Je ne crois pas qu’il faille fixer des normes basses ou considérer la dépression comme irréparable ou une condamnation à perpétuité. Une partie du processus de “frapper l’homme (ou la femme) que vous étiez la semaine dernière”, c’est accepter que votre voyage est votre voyage et celui de personne d’autre. Vous seul pouvez vraiment savoir où vous commencez, à quoi vous avez affaire et quelles parties de vous-même menacent de vous retenir. Vous seul connaissez la voix intérieure qui vous dit ce que vous pouvez ou ne pouvez pas faire, et d’autre part, vous seul savez à quel point c’est agréable de prouver que cette voix intérieure est fausse.

L’établissement d’objectifs, comme toutes les formes de développement, est très personnel. Oui, ces conseils s’appliquent à la dépression, en raison de la nécessité de trouver un contexte plus sain. Mais ils s’appliquent également à toute personne sur la voie de l’auto-développement. Rêvez grand, aussi grand que vous le pouvez, et ne laissez jamais aucune limitation diluer ces rêves. Équilibrez ces rêves avec l’aspect pratique, l’honnêteté et la capacité de grandir à partir de là où vous êtes maintenant.

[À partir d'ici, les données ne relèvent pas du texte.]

(* Let $X$ be a distance regular graph of diameter $d$, let $A_i$ be the adjacency matrix of its $i$-th distance graph ($i=0,\dots,d$), let $Y=\mathrm{LD}(X)$, and let $Y_i$ be the $i$-th distance digraph of $Y$. Then $A(Y_0)=I$, $A(Y_2)=D_h^TA_1D_t - I$, and $A(Y_i)=D_h^TA_{i-1}D_t$ for $i\in\{1,3,4,\dots,d+1\}$.
   Context: $X$ is a connected $k$-regular distance regular graph (for vertices $u,v$ at distance $\ell$, the number of vertices at distance $i$ from $u$ and $j$ from $v$ depends only on $i,j,\ell$). $A_i$ is the $01$-matrix with $(A_i)_{uv}=1$ iff $\mathrm{dist}_X(u,v)=i$. Each edge $\{a,b\}$ of $X$ is replaced by arcs $(a,b)$ and $(b,a)$; the line digraph $\mathrm{LD}(X)$ has the arcs as vertices, with an arc from $(a,b)$ to $(c,d)$ iff $b=c$. For a digraph $Y$, its $i$-th distance digraph $Y_i$ has the same vertex set, with $a$ adjacent to $b$ iff the directed distance from $a$ to $b$ in $Y$ is $i$; $A(\cdot)$ denotes the $01$-adjacency matrix. $D_t$ and $D_h$ have rows indexed by vertices of $X$ and columns by arcs: $(D_t)_{u,(a,b)}=1$ iff $u=a$, $(D_h)_{u,(a,b)}=1$ iff $u=b$, and $0$ otherwise. *)

theory Defs
  imports Main
begin

fun walk :: "('a \<Rightarrow> 'a \<Rightarrow> bool) \<Rightarrow> nat \<Rightarrow> 'a \<Rightarrow> 'a \<Rightarrow> bool" where
  "walk R 0 u v = (u = v)"
| "walk R (Suc n) u v = (\<exists>w. R u w \<and> walk R n w v)"

definition has_dist :: "('a \<Rightarrow> 'a \<Rightarrow> bool) \<Rightarrow> nat \<Rightarrow> 'a \<Rightarrow> 'a \<Rightarrow> bool" where
  "has_dist R n u v \<longleftrightarrow> walk R n u v \<and> (\<forall>m<n. \<not> walk R m u v)"

definition simple_graph :: "'a set \<Rightarrow> ('a \<Rightarrow> 'a \<Rightarrow> bool) \<Rightarrow> bool" where
  "simple_graph V E \<longleftrightarrow> finite V \<and> (\<forall>u v. E u v \<longrightarrow> u \<in> V \<and> v \<in> V)
     \<and> (\<forall>u v. E u v \<longrightarrow> E v u) \<and> (\<forall>u. \<not> E u u)"

definition connected_graph :: "'a set \<Rightarrow> ('a \<Rightarrow> 'a \<Rightarrow> bool) \<Rightarrow> bool" where
  "connected_graph V E \<longleftrightarrow> (\<forall>u\<in>V. \<forall>v\<in>V. \<exists>n. walk E n u v)"

definition regular_graph :: "'a set \<Rightarrow> ('a \<Rightarrow> 'a \<Rightarrow> bool) \<Rightarrow> nat \<Rightarrow> bool" where
  "regular_graph V E k \<longleftrightarrow> (\<forall>v\<in>V. card {w\<in>V. E v w} = k)"

definition distance_regular :: "'a set \<Rightarrow> ('a \<Rightarrow> 'a \<Rightarrow> bool) \<Rightarrow> bool" where
  "distance_regular V E \<longleftrightarrow>
     (\<forall>u\<in>V. \<forall>v\<in>V. \<forall>w\<in>V. \<forall>x\<in>V. \<forall>l i j.
        has_dist E l u v \<and> has_dist E l w x \<longrightarrow>
        card {z\<in>V. has_dist E i u z \<and> has_dist E j v z} =
        card {z\<in>V. has_dist E i w z \<and> has_dist E j x z})"

definition diameter :: "'a set \<Rightarrow> ('a \<Rightarrow> 'a \<Rightarrow> bool) \<Rightarrow> nat" where
  "diameter V E = Max {n. \<exists>u\<in>V. \<exists>v\<in>V. has_dist E n u v}"

definition dist_mat :: "('a \<Rightarrow> 'a \<Rightarrow> bool) \<Rightarrow> nat \<Rightarrow> 'a \<Rightarrow> 'a \<Rightarrow> int" where
  "dist_mat R i u v = (if has_dist R i u v then 1 else 0)"

definition arcs :: "('a \<Rightarrow> 'a \<Rightarrow> bool) \<Rightarrow> ('a \<times> 'a) set" where
  "arcs E = {(a, b). E a b}"

definition line_digraph :: "('a \<Rightarrow> 'a \<Rightarrow> bool) \<Rightarrow> ('a \<times> 'a) \<Rightarrow> ('a \<times> 'a) \<Rightarrow> bool" where
  "line_digraph E p q \<longleftrightarrow> p \<in> arcs E \<and> q \<in> arcs E \<and> snd p = fst q"

definition D_t :: "'a \<Rightarrow> 'a \<times> 'a \<Rightarrow> int" where
  "D_t u p = (if u = fst p then 1 else 0)"

definition D_h :: "'a \<Rightarrow> 'a \<times> 'a \<Rightarrow> int" where
  "D_h u p = (if u = snd p then 1 else 0)"

text \<open>Matrices as functions; product sums over an explicit finite index set.\<close>
definition mat_mult :: "'m set \<Rightarrow> ('r \<Rightarrow> 'm \<Rightarrow> int) \<Rightarrow> ('m \<Rightarrow> 'c \<Rightarrow> int) \<Rightarrow> 'r \<Rightarrow> 'c \<Rightarrow> int" where
  "mat_mult M A B = (\<lambda>r c. \<Sum>m\<in>M. A r m * B m c)"

definition mat_transpose :: "('r \<Rightarrow> 'c \<Rightarrow> int) \<Rightarrow> 'c \<Rightarrow> 'r \<Rightarrow> int" where
  "mat_transpose A = (\<lambda>c r. A r c)"

definition id_mat :: "'r \<Rightarrow> 'r \<Rightarrow> int" where
  "id_mat r c = (if r = c then 1 else 0)"

end

theory Submission
  imports Defs
begin

text \<open>A walk of length n+1 in LD(X) between arcs p and q is a walk of length n in X from the
  head of p to the tail of q, read off from the heads of the intermediate arcs. Hence for
  i \<ge> 1 the distance from p to q in LD(X) is one more than the distance from the head of p to the
  tail of q, except that p is at distance 0 from itself. In a simple graph the head of an arc
  is at distance exactly 1 from its tail, so this exception only affects Y_2, which explains the
  correction by the identity there.\<close>

lemma has_dist_unique:
  assumes "has_dist R m u v" "has_dist R n u v"
  shows "m = n"
  using assms unfolding has_dist_def by (metis linorder_neqE_nat)

lemma has_dist_Suc_0: "has_dist R (Suc 0) u v \<longleftrightarrow> R u v \<and> u \<noteq> v"
  by (auto simp: has_dist_def)

lemma walk_line_digraph_Suc:
  assumes "p \<in> arcs E" "q \<in> arcs E"
  shows "walk (line_digraph E) (Suc n) p q \<longleftrightarrow> walk E n (snd p) (fst q)"
  using assms
proof (induction n arbitrary: p)
  case 0
  then show ?case by (cases q) (auto simp: line_digraph_def)
next
  case (Suc n)
  show ?case
  proof
    assume "walk (line_digraph E) (Suc (Suc n)) p q"
    then obtain w where w: "line_digraph E p w" "walk (line_digraph E) (Suc n) w q" by auto
    then have "w \<in> arcs E" by (simp add: line_digraph_def)
    with Suc w have "walk E n (snd w) (fst q)" by blast
    moreover have "E (snd p) (snd w)"
      using w(1) unfolding line_digraph_def arcs_def by (cases w) auto
    ultimately show "walk E (Suc n) (snd p) (fst q)" by auto
  next
    assume "walk E (Suc n) (snd p) (fst q)"
    then obtain x where x: "E (snd p) x" "walk E n x (fst q)" by auto
    have arc: "(snd p, x) \<in> arcs E" using x by (simp add: arcs_def)
    then have "line_digraph E p (snd p, x)" using Suc.prems by (simp add: line_digraph_def)
    moreover have "walk (line_digraph E) (Suc n) (snd p, x) q"
      using Suc.IH[OF arc Suc.prems(2)] x by simp
    ultimately show "walk (line_digraph E) (Suc (Suc n)) p q" by auto
  qed
qed

lemma has_dist_line_digraph_Suc:
  assumes "p \<in> arcs E" "q \<in> arcs E"
  shows "has_dist (line_digraph E) (Suc n) p q \<longleftrightarrow> has_dist E n (snd p) (fst q) \<and> p \<noteq> q"
  using walk_line_digraph_Suc[OF assms]
  by (auto simp: has_dist_def less_Suc_eq_0_disj)

lemma has_dist_head_tail:
  assumes "\<And>u v. E u v \<Longrightarrow> E v u" "\<And>u. \<not> E u u" "p \<in> arcs E"
  shows "has_dist E n (snd p) (fst p) \<longleftrightarrow> n = 1"
proof -
  have "has_dist E (Suc 0) (snd p) (fst p)"
    using assms by (auto simp: has_dist_Suc_0 arcs_def)
  then show ?thesis using has_dist_unique by fastforce
qed

lemma dist_mat_line_digraph_Suc:
  assumes "\<And>u v. E u v \<Longrightarrow> E v u" "\<And>u. \<not> E u u" "p \<in> arcs E" "q \<in> arcs E"
  shows "dist_mat (line_digraph E) (Suc n) p q
           = dist_mat E n (snd p) (fst q) - (if n = 1 then id_mat p q else 0)"
  using has_dist_line_digraph_Suc[OF assms(3,4), of n] has_dist_head_tail[OF assms(1-3), of n]
  by (cases "p = q") (auto simp: dist_mat_def id_mat_def)

lemma incidence_product_entry:
  assumes "finite V" "snd p \<in> V" "fst q \<in> V"
  shows "mat_mult V (mat_mult V (mat_transpose D_h) M) D_t p q = M (snd p) (fst q)"
proof -
  have indicator_mult: "(if b then 1 else 0) * x = (if b then x else 0)"
    "x * (if b then 1 else 0) = (if b then x else 0)" for b and x :: int
    by simp_all
  have left: "mat_mult V (mat_transpose D_h) M p v = M (snd p) v" for v
    using assms by (simp add: mat_mult_def mat_transpose_def D_h_def indicator_mult cong: if_cong)
  show ?thesis
    using assms by (simp add: mat_mult_def[of V _ D_t] left D_t_def indicator_mult cong: if_cong)
qed

theorem lemma4p2:
  fixes V :: "'a set" and E :: "'a \<Rightarrow> 'a \<Rightarrow> bool" and k d :: nat
  assumes "simple_graph V E"
    and "connected_graph V E"
    and "regular_graph V E k"
    and "distance_regular V E"
    and "d = diameter V E"
  shows "(\<forall>p\<in>arcs E. \<forall>q\<in>arcs E.
            dist_mat (line_digraph E) 0 p q = id_mat p q)
       \<and> (\<forall>p\<in>arcs E. \<forall>q\<in>arcs E.
            dist_mat (line_digraph E) 2 p q =
              mat_mult V (mat_mult V (mat_transpose D_h) (dist_mat E 1)) D_t p q - id_mat p q)
       \<and> (\<forall>i\<in>{1} \<union> {3..d+1}. \<forall>p\<in>arcs E. \<forall>q\<in>arcs E.
            dist_mat (line_digraph E) i p q =
              mat_mult V (mat_mult V (mat_transpose D_h) (dist_mat E (i - 1))) D_t p q)"
proof -
  have fin: "finite V" and sym: "\<And>u v. E u v \<Longrightarrow> E v u" and irrefl: "\<And>u. \<not> E u u"
    and in_V: "\<And>u v. E u v \<Longrightarrow> u \<in> V \<and> v \<in> V"
    using assms(1) unfolding simple_graph_def by blast+
  have product: "mat_mult V (mat_mult V (mat_transpose D_h) (dist_mat E n)) D_t p q
                   = dist_mat E n (snd p) (fst q)" if "p \<in> arcs E" "q \<in> arcs E" for n p q
    using that in_V by (intro incidence_product_entry[OF fin]) (auto simp: arcs_def)
  have Y_Suc: "dist_mat (line_digraph E) (Suc n) p q
      = mat_mult V (mat_mult V (mat_transpose D_h) (dist_mat E n)) D_t p q
        - (if n = 1 then id_mat p q else 0)" if "p \<in> arcs E" "q \<in> arcs E" for n p q
    using dist_mat_line_digraph_Suc[OF sym irrefl that] product[OF that] by simp
  have "dist_mat (line_digraph E) 0 p q = id_mat p q" for p q
    by (simp add: dist_mat_def has_dist_def id_mat_def)
  moreover have "i - 1 \<noteq> 1 \<Longrightarrow> i \<noteq> 0 \<Longrightarrow> dist_mat (line_digraph E) i p q =
      mat_mult V (mat_mult V (mat_transpose D_h) (dist_mat E (i - 1))) D_t p q"
    if "p \<in> arcs E" "q \<in> arcs E" for i p q
    using Y_Suc[OF that, of "i - 1"] by (cases i) auto
  ultimately show ?thesis
    using Y_Suc[of _ _ 1] by (auto simp: numeral_2_eq_2)
qed

end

Laissez vos objectifs évoluer avec vous. Continuez à vous améliorer, soyez patient lorsque les progrès s’arrêtent et rappelez-vous qu’un jour, la personne que vous avez essayé de battre sera à tellement de semaines qu’elle sera méconnaissable. C’est le plus gros gain que vous puissiez obtenir. Alors continuez à vous battre. Soyez honnête à propos de votre point zéro. Et rappelez-vous que même les arbres les plus hauts du monde étaient autrefois des graines souterraines.